*** TASK DATA ***

(* Let $E=\mathbb{Q}(i,\sqrt5)$, let $\tau=(1+\sqrt5)/2$, and let $\sigma$ be the automorphism of $E$ with $\sigma(i)=i$ and $\sigma(\sqrt5)=-\sqrt5$. For a real number $N\ge 1$ let $\mathbf{L}(N)$ be the set of numbers $x=(a+bi)+(c+di)\tau\in E$ with $a,b,c,d\in\mathbb{Z}$ and $|a|,|b|,|c|,|d|\le N$. For $x_1,x_2\in E$ put $$X(x_1,x_2)=\begin{pmatrix} x_1 & \sigma(x_1)\\ i\,x_2 & \sigma(x_2)\end{pmatrix},\qquad D(N_1,N_2)=\min_{x_1\in\mathbf{L}(N_1)\setminus\{0\},\ x_2\in\mathbf{L}(N_2)\setminus\{0\}}\left|\det X(x_1,x_2)\right|.$$ Then there exists a constant $K>0$ such that for all $N\ge1$, $$D(N^{3/5},N^{2/5})\le\frac{K}{N}.$$ In particular, there exist constants $C_\ell,C_u>0$ such that for all sufficiently large $N$, $$\frac{C_\ell}{N^2}\le D(N,N)\le\frac{C_u}{N^{5/3}},$$ i.e. the decay exponent of this code lies between $5/3$ and $2$.
   Context: This is the two-user single-antenna Badr–Belfiore multiuser MIMO code; $\det X(x_1,x_2)\neq0$ whenever $x_1,x_2\neq0$. A code is said to decay with exponent at least $\delta_1$ if $D(N,N)\le C_uN^{-\delta_1}$ and with exponent at most $\delta_2$ if $D(N,N)\ge C_\ell N^{-\delta_2}$, for positive constants $C_u,C_\ell$. *)

theory Defs
  imports Complex_Main
begin

text \<open>Elements of E = Q(i, sqrt 5) are viewed as complex numbers.
  The lattice points (a+bi)+(c+di)tau are parametrised by integer quadruples.\<close>

definition tau :: real where "tau = (1 + sqrt 5) / 2"

text \<open>sigma fixes i and sends sqrt 5 to - sqrt 5, hence tau to (1 - sqrt 5)/2.\<close>
definition tau_conj :: real where "tau_conj = (1 - sqrt 5) / 2"

type_synonym quad = "int \<times> int \<times> int \<times> int"

fun latval :: "quad \<Rightarrow> complex" where
  "latval (a, b, c, d) = Complex (of_int a) (of_int b) + Complex (of_int c) (of_int d) * complex_of_real tau"

fun latsigma :: "quad \<Rightarrow> complex" where
  "latsigma (a, b, c, d) = Complex (of_int a) (of_int b) + Complex (of_int c) (of_int d) * complex_of_real tau_conj"

definition Lquad :: "real \<Rightarrow> quad set" where
  "Lquad N = {(a, b, c, d). \<bar>of_int a\<bar> \<le> N \<and> \<bar>of_int b\<bar> \<le> N \<and> \<bar>of_int c\<bar> \<le> N \<and> \<bar>of_int d\<bar> \<le> N}"

definition detX :: "quad \<Rightarrow> quad \<Rightarrow> complex" where
  "detX q1 q2 = latval q1 * latsigma q2 - \<i> * latval q2 * latsigma q1"

definition Dmin :: "real \<Rightarrow> real \<Rightarrow> real" where
  "Dmin N1 N2 = Min {cmod (detX q1 q2) | q1 q2.
      q1 \<in> Lquad N1 \<and> q2 \<in> Lquad N2 \<and> latval q1 \<noteq> 0 \<and> latval q2 \<noteq> 0}"

end

theory Submission
  imports Defs "HOL-Computational_Algebra.Primes"
begin

text \<open>
  On \<open>L(N)\<close> both \<open>|x|\<close> and \<open>|\<sigma> x|\<close> are \<open>O(N)\<close>, and conversely the coefficients of
  \<open>x \<in> \<int>[i][\<tau>]\<close> are at most \<open>3 (|x| + |\<sigma> x|)\<close>.
  The product of \<open>det X(x1, x2)\<close> with its conjugate \<open>\<sigma> (det X(x1, x2))\<close> is fixed by \<open>\<sigma>\<close>,
  hence a Gaussian integer, and it is nonzero because \<open>sqrt 5\<close> is irrational; so
  \<open>|det X| \<ge> 1 / |\<sigma> (det X)| \<ge> 1 / (72 N\<^sup>2)\<close>.
  For the upper bound, the unit \<open>U = \<tau>^(2n)\<close> with \<open>\<sigma> U = U^(-1)\<close> produces
  \<open>x1 \<in> L(36 U^3)\<close> and \<open>x2 \<in> L(36 U^2)\<close> with \<open>|det X| = 2 U^(-5)\<close>; choosing
  \<open>U \<approx> N^(1/5)\<close> gives \<open>D(N^(3/5), N^(2/5)) = O(1/N)\<close>, and then
  \<open>D(N, N) \<le> D(N, N^(2/3)) = O(N^(-5/3))\<close>.
\<close>

lemma tau_plus_tau_conj: "tau + tau_conj = 1"
  unfolding tau_def tau_conj_def by (simp add: field_simps)

lemma tau_times_tau_conj: "tau * tau_conj = -1"
  unfolding tau_def tau_conj_def by (simp add: field_simps)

*** End of TASK DATA ***

▸ WHAT YOU WILL DO
Would you set down, word for word, the lines from the opening of the entries above through the line with "c, d). \<bar>of_int", both included, and no others?

▸ ANSWER TO THE EXERCISE
(* Let $E=\mathbb{Q}(i,\sqrt5)$, let $\tau=(1+\sqrt5)/2$, and let $\sigma$ be the automorphism of $E$ with $\sigma(i)=i$ and $\sigma(\sqrt5)=-\sqrt5$. For a real number $N\ge 1$ let $\mathbf{L}(N)$ be the set of numbers $x=(a+bi)+(c+di)\tau\in E$ with $a,b,c,d\in\mathbb{Z}$ and $|a|,|b|,|c|,|d|\le N$. For $x_1,x_2\in E$ put $$X(x_1,x_2)=\begin{pmatrix} x_1 & \sigma(x_1)\\ i\,x_2 & \sigma(x_2)\end{pmatrix},\qquad D(N_1,N_2)=\min_{x_1\in\mathbf{L}(N_1)\setminus\{0\},\ x_2\in\mathbf{L}(N_2)\setminus\{0\}}\left|\det X(x_1,x_2)\right|.$$ Then there exists a constant $K>0$ such that for all $N\ge1$, $$D(N^{3/5},N^{2/5})\le\frac{K}{N}.$$ In particular, there exist constants $C_\ell,C_u>0$ such that for all sufficiently large $N$, $$\frac{C_\ell}{N^2}\le D(N,N)\le\frac{C_u}{N^{5/3}},$$ i.e. the decay exponent of this code lies between $5/3$ and $2$.
   Context: This is the two-user single-antenna Badr–Belfiore multiuser MIMO code; $\det X(x_1,x_2)\neq0$ whenever $x_1,x_2\neq0$. A code is said to decay with exponent at least $\delta_1$ if $D(N,N)\le C_uN^{-\delta_1}$ and with exponent at most $\delta_2$ if $D(N,N)\ge C_\ell N^{-\delta_2}$, for positive constants $C_u,C_\ell$. *)

theory Defs
  imports Complex_Main
begin

text \<open>Elements of E = Q(i, sqrt 5) are viewed as complex numbers.
  The lattice points (a+bi)+(c+di)tau are parametrised by integer quadruples.\<close>

definition tau :: real where "tau = (1 + sqrt 5) / 2"

text \<open>sigma fixes i and sends sqrt 5 to - sqrt 5, hence tau to (1 - sqrt 5)/2.\<close>
definition tau_conj :: real where "tau_conj = (1 - sqrt 5) / 2"

type_synonym quad = "int \<times> int \<times> int \<times> int"

fun latval :: "quad \<Rightarrow> complex" where
  "latval (a, b, c, d) = Complex (of_int a) (of_int b) + Complex (of_int c) (of_int d) * complex_of_real tau"

fun latsigma :: "quad \<Rightarrow> complex" where
  "latsigma (a, b, c, d) = Complex (of_int a) (of_int b) + Complex (of_int c) (of_int d) * complex_of_real tau_conj"

definition Lquad :: "real \<Rightarrow> quad set" where
  "Lquad N = {(a, b, c, d). \<bar>of_int a\<bar> \<le> N \<and> \<bar>of_int b\<bar> \<le> N \<and> \<bar>of_int c\<bar> \<le> N \<and> \<bar>of_int d\<bar> \<le> N}"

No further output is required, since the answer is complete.